FILM REVIEW: Jason Bourne

I was a little late familiarising myself with the Bourne films, and despite the fourth instalment having passed me by to date, like many of you, having finally seen the original trilogy, the prospect of a further fifth chapter with the franchise’s original star, Matt Damon, on board, was something to get excited about.

The series of films that came out of nowhere and gave the Bond legacy a good kick up the rear end, is back. But does it deliver?

Against the odds, I have to say – I wasn’t at all disappointed.

Why ‘against the odds’ you cry?

My heart so often sinks when a film company releases a sequel, in this case to a whole series of films that have all delivered superbly thus far at a higher certification, yet suddenly deems it necessary to lower a film’s rating, and in turn our expectations, by adopting the all encompassing, bums-on-seats death knell that is 12A; so often the tell-tale sign of a film company’s big sell-out in their panic to recoup a hefty initial outlay.

Thankfully, Jason Bourne is directed in a manner that’s sympathetic to the core attributes that made its predecessors such a hit. Its a film whose only real concession to the lowered rating is to restrain itself from the overly-gratuitous, and to any scenes of over-the-top, in-your-face violence. The grit, realism (to a point) and suspense remains and is layered on thick and fast.

As ever, Bourne is up against it. This time he’s targeted by the CIA for both his part in past misdemeanours (when at the behest of the CIA), and through his new association with Nicky Parsons (Julia Stiles), a computer hacker who, acting on behalf of a whistle-blower, seeks to expose truths about -amongst others – the highly sensitive CIA operation, Treadstone. Consequently the pair find themselves on the run, pursued by an assortment of CIA goons and assets – with one particularly determined assassin, played by Vincent Cassell – hell bent on bumping them off, lest the truth should come out.

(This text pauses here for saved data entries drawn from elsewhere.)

lemma cinner_vscale_right:
  assumes "length u = length x"
  shows "cinner x (vscale a u) = cnj a * cinner x u"
  using assms unfolding cinner_def vscale_def
  by (simp add: algebra_simps sum_distrib_left)

lemma cinner_commute:
  assumes "length u = length x"
  shows "cinner u x = cnj (cinner x u)"
  using assms unfolding cinner_def by (simp add: mult.commute)

lemma orthonormal_basis_orthogonal_eq_zero:
  assumes ob: "orthonormal_basis d es" and lz: "length z = d"
    and orth: "\<forall>i<d. cinner z (es!i) = 0"
  shows "\<forall>k<d. z!k = 0"
proof -
  have le: "\<And>i. i < d \<Longrightarrow> length (es!i) = d"
    using ob unfolding orthonormal_basis_def by auto
  have on: "\<And>i j. i < d \<Longrightarrow> j < d \<Longrightarrow> cinner (es!i) (es!j) = (if i = j then 1 else 0)"
    using ob unfolding orthonormal_basis_def by auto
  define A :: "complex mat" where "A = Matrix.mat d d (\<lambda>(i,k). cnj (es!i!k))"
  define B :: "complex mat" where "B = Matrix.mat d d (\<lambda>(k,j). es!j!k)"
  have A: "A \<in> carrier_mat d d" and B: "B \<in> carrier_mat d d" unfolding A_def B_def by auto
  have AB: "A * B = 1\<^sub>m d"
  proof (rule eq_matI)
    fix i j assume "i < dim_row (1\<^sub>m d)" and "j < dim_col (1\<^sub>m d)"
    hence i: "i < d" and j: "j < d" by auto
    have "(A * B) $$ (i,j) = (\<Sum>k<d. cnj (es!i!k) * es!j!k)"
      using i j unfolding A_def B_def
      by (simp add: scalar_prod_def Matrix.row_def Matrix.col_def atLeast0LessThan)
    also have "\<dots> = cnj (cinner (es!i) (es!j))"
      unfolding cinner_def using le[OF i] by (simp add: mult.commute)
    also have "\<dots> = 1\<^sub>m d $$ (i,j)" using on[OF i j] i j by simp
    finally show "(A * B) $$ (i,j) = 1\<^sub>m d $$ (i,j)" .
  qed (use A B in auto)
  \<comment> \<open>A one-sided inverse of a square matrix is two-sided: this is where \<open>length es = d\<close> matters.\<close>
  have BA: "B * A = 1\<^sub>m d" by (rule mat_mult_left_right_inverse[OF A B AB])
  define v :: "complex vec" where "v = Matrix.vec d (\<lambda>k. z!k)"
  have v: "v \<in> carrier_vec d" unfolding v_def by auto
  have Av: "A *\<^sub>v v = 0\<^sub>v d"
  proof (rule eq_vecI)
    fix i assume "i < dim_vec (0\<^sub>v d :: complex vec)"
    hence i: "i < d" by simp
    have "vec_index (A *\<^sub>v v) i = (\<Sum>k<d. cnj (es!i!k) * z!k)"
      using i unfolding A_def v_def
      by (simp add: scalar_prod_def Matrix.row_def atLeast0LessThan)
    also have "\<dots> = cinner z (es!i)" unfolding cinner_def using lz by (simp add: mult.commute)
    finally show "vec_index (A *\<^sub>v v) i = vec_index (0\<^sub>v d) i" using orth i by simp
  qed (use A in simp)
  have "v = B *\<^sub>v (A *\<^sub>v v)" using BA A B v by (simp flip: assoc_mult_mat_vec)
  also have "\<dots> = 0\<^sub>v d" using Av B by (intro eq_vecI) (auto simp: scalar_prod_def)
  finally show ?thesis unfolding v_def by (metis index_vec index_zero_vec(1))
qed

lemma orthonormal_basis_coordinates_eq:
  assumes ob: "orthonormal_basis d es" and ly: "length y = d" and ly': "length y' = d"
    and coords: "\<And>i. i < d \<Longrightarrow> cinner y (es!i) = cinner y' (es!i)"
  shows "y = y'"
proof -
  have "\<forall>i<d. cinner (vsub y y') (es!i) = 0"
    using coords ly ly' by (simp add: cinner_vsub_left)
  moreover have "length (vsub y y') = d" using ly ly' by (simp add: vsub_def)
  ultimately have "\<forall>k<d. vsub y y' ! k = 0"
    using orthonormal_basis_orthogonal_eq_zero[OF ob] by blast
  then show ?thesis using ly ly' by (intro nth_equalityI) (auto simp: vsub_def)
qed

lemma polarization_complex:
  fixes a b :: complex
  shows "a * cnj b = Complex (((cmod a)^2 + (cmod b)^2 - (cmod (a - b))^2)/2)
                             (((cmod (a + \<i> * b))^2 - (cmod a)^2 - (cmod b)^2)/2)"
  by (simp add: complex_eq_iff cmod_power2) (simp add: power2_eq_square algebra_simps)

lemma phase_normalize_abs:
  fixes z :: complex assumes "z \<noteq> 0"
  shows "cnj z / of_real (cmod z) * z = of_real (cmod z)"
proof -
  have "z * cnj z = of_real ((cmod z)^2)" by (rule complex_norm_square[symmetric])
  then show ?thesis using assms by (simp add: field_simps power2_eq_square mult.commute)
qed

lemma mult_eq_via_conj_product:
  fixes a b k :: complex assumes "a \<noteq> 0"
  shows "k * b = k * a * cnj (a * cnj b) / of_real ((cmod a)^2)"
proof -
  have "a * cnj a = of_real ((cmod a)^2)" by (rule complex_norm_square[symmetric])
  then show ?thesis using assms by (simp add: field_simps)
qed

lemma phase_normalized_eq_of_consecutive_products:
  fixes c c' :: "nat \<Rightarrow> complex"
  assumes nonzero: "\<And>j. j < d \<Longrightarrow> c j \<noteq> 0"
    and abs_eq: "\<And>j. j < d \<Longrightarrow> cmod (c j) = cmod (c' j)"
    and prod_eq: "\<And>j. j + 1 < d \<Longrightarrow> c j * cnj (c (j+1)) = c' j * cnj (c' (j+1))"
    and "j < d"
  shows "cnj (c 0) / of_real (cmod (c 0)) * c j = cnj (c' 0) / of_real (cmod (c' 0)) * c' j"
  using \<open>j < d\<close>
proof (induction j)
  case 0
  have "c' 0 \<noteq> 0" using nonzero[OF 0] abs_eq[OF 0] by auto
  then show ?case
    using phase_normalize_abs[OF nonzero[OF 0]] phase_normalize_abs[of "c' 0"] abs_eq[OF 0]
    by simp
next
  case (Suc j)
  define p where "p = cnj (c 0) / of_real (cmod (c 0))"
  define p' where "p' = cnj (c' 0) / of_real (cmod (c' 0))"
  have j: "j < d" using Suc.prems by simp
  have "c' j \<noteq> 0" using nonzero[OF j] abs_eq[OF j] by auto
  have "p * c (Suc j) = p * c j * cnj (c j * cnj (c (j+1))) / of_real ((cmod (c j))^2)"
    using mult_eq_via_conj_product[OF nonzero[OF j], of p "c (j+1)"] by simp
  also have "\<dots> = p' * c' j * cnj (c' j * cnj (c' (j+1))) / of_real ((cmod (c' j))^2)"
    using Suc.IH[OF j] prod_eq[of j] abs_eq[OF j] Suc.prems unfolding p_def p'_def by simp
  also have "\<dots> = p' * c' (Suc j)"
    using mult_eq_via_conj_product[OF \<open>c' j \<noteq> 0\<close>, of p' "c' (j+1)"] by simp
  finally show ?case unfolding p_def p'_def .
qed

lemma meas_map_nth:
  assumes les: "length es = d" and le: "\<And>i. i < d \<Longrightarrow> length (es!i) = d"
    and lx: "length x = d"
  shows meas_map_nth_basis: "j < d \<Longrightarrow> meas_map es x ! j = (cmod (cinner x (es!j)))^2"
    and meas_map_nth_diff: "j + 1 < d \<Longrightarrow>
          meas_map es x ! (d + j) = (cmod (cinner x (es!j) - cinner x (es!(j+1))))^2"
    and meas_map_nth_rot: "j + 1 < d \<Longrightarrow>
          meas_map es x ! (d + (d - 1) + j) = (cmod (cinner x (es!j) + \<i> * cinner x (es!(j+1))))^2"
proof -
  define D where "D = map (\<lambda>j. vsub (es ! j) (es ! (j+1))) [0..<d - 1]"
  define R where "R = map (\<lambda>j. vsub (es ! j) (vscale \<i> (es ! (j+1)))) [0..<d - 1]"
  have mv: "meas_vectors es = es @ D @ R" unfolding meas_vectors_def D_def R_def les ..
  have len: "length (es @ D @ R) = d + (d - 1) + (d - 1)" by (simp add: les D_def R_def)
  have entry: "n < d + (d - 1) + (d - 1) \<Longrightarrow>
      meas_map es x ! n = (cmod (cinner x ((es @ D @ R) ! n)))^2" for n
    unfolding meas_map_def mv by (rule nth_map) (simp only: len)
  show "j < d \<Longrightarrow> meas_map es x ! j = (cmod (cinner x (es!j)))^2"
    using entry[of j] les by (simp add: nth_append)
  show "meas_map es x ! (d + j) = (cmod (cinner x (es!j) - cinner x (es!(j+1))))^2"
    if j: "j + 1 < d"
  proof -
    have "(es @ D @ R) ! (d + j) = vsub (es ! j) (es ! (j+1))"
      using les j by (simp add: nth_append D_def less_diff_conv)
    then show ?thesis
      using entry[of "d + j"] j le[of j] le[of "j+1"] lx by (simp add: cinner_vsub_right)
  qed
  show "meas_map es x ! (d + (d - 1) + j) = (cmod (cinner x (es!j) + \<i> * cinner x (es!(j+1))))^2"
    if j: "j + 1 < d"
  proof -
    have "(es @ D @ R) ! (d + (d - 1) + j) = R ! j"
      using les by (simp add: nth_append D_def)
    also have "\<dots> = vsub (es ! j) (vscale \<i> (es ! (j+1)))" using j by (simp add: R_def less_diff_conv)
    finally show ?thesis
      using entry[of "d + (d - 1) + j"] j le[of j] le[of "j+1"] lx
      by (simp add: cinner_vsub_right cinner_vscale_right)
  qed
qed
lemma id_weight_Suc_add: "id_weight (Suc (p + q)) = id_weight p * (0 * id_weight q)"
  by (simp add: id_weight_def)

lemma deriv_weight_add:
  "deriv_weight lam (p + q) = deriv_weight lam p * id_weight q + id_weight p * deriv_weight lam q
     + (lam * deriv_weight lam p) * deriv_weight lam q"
  by (cases p; cases q) (simp_all add: deriv_weight_def id_weight_def power_add)

lemma deriv_weight_Suc_add:
  "deriv_weight lam (Suc (p + q)) = id_weight p * id_weight q + (lam * deriv_weight lam p) * id_weight q
     + id_weight p * (lam * deriv_weight lam q) + (lam * lam * deriv_weight lam p) * deriv_weight lam q"
  by (cases p; cases q) (simp_all add: deriv_weight_def id_weight_def power_add)

lemma sum_list_map_concat: "(\<Sum>y\<leftarrow>concat (map f xs). g y) = (\<Sum>x\<leftarrow>xs. \<Sum>y\<leftarrow>f x. g y)"
  by (induct xs) auto

lemma bump_sum_Vert: "bump_sum \<alpha> (Some (Vert l (x, n) r)) =
   (\<Sum>(l', kl)\<leftarrow>subsets_bump l. \<Sum>(r', kr)\<leftarrow>subsets_bump r.
      pm_scale (\<alpha> (kl + kr)) (incl (graft (single l' 1) (x, n) (single r' 1))))
 + (\<Sum>(l', kl)\<leftarrow>subsets_bump l. \<Sum>(r', kr)\<leftarrow>subsets_bump r.
      pm_scale (\<alpha> (Suc (kl + kr))) (incl (graft (single l' 1) (x, Suc n) (single r' 1))))"
  unfolding bump_sum_def by (simp add: sum_list_map_concat split_def graft_single sum_list_addf o_def)

lemma sum_list_graft: "(\<Sum>(l', kl)\<leftarrow>L. \<Sum>(r', kr)\<leftarrow>M. pm_scale (\<alpha> kl * \<beta> kr) (incl (graft (single l' 1) y (single r' 1))))
  = incl (graft (\<Sum>(l', kl)\<leftarrow>L. pm_scale (\<alpha> kl) (single l' 1)) y (\<Sum>(r', kr)\<leftarrow>M. pm_scale (\<beta> kr) (single r' 1)))"
proof -
  have inner: "(\<Sum>(r', kr)\<leftarrow>M. pm_scale (c * \<beta> kr) (incl (graft P y (single r' 1))))
      = incl (graft (pm_scale c P) y (\<Sum>(r', kr)\<leftarrow>M. pm_scale (\<beta> kr) (single r' 1)))" for c P
    by (induct M) (auto simp: lin_map_simps simp del: pm_scale_simps(6))
  show ?thesis
    by (induct L) (auto simp: lin_map_simps inner simp del: pm_scale_simps(6))
qed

Needless to say, Bourne isn’t coming quietly.

As the  chase intensifies, stark truths about Bourne’s past and the death of his father come to light, galvanising his resolve to see justice done.

It’s all high-octane fun with some genuinely riveting chase and fight sequences, well choreographed and impressively executed.

This, together with a good cast – Tommy Lee Jones is CIA Director Robert Dewey and Alicia Vikander plays Heather Lee – and the creation of a convincing, over-riding sense of suspense that director Paul Greengrass does well to sustain throughout, makes Jason Bourne a surprisingly decent effort.

Don’t get me wrong, there’s nothing particularly new here, and certainly no re-writing of the genre or benchmark-setting for the future, but much as with the Bond franchise, that’s not necessarily important.

If you’re a fan of mainstream quality, gritty espionage thrillers, this should hit the mark.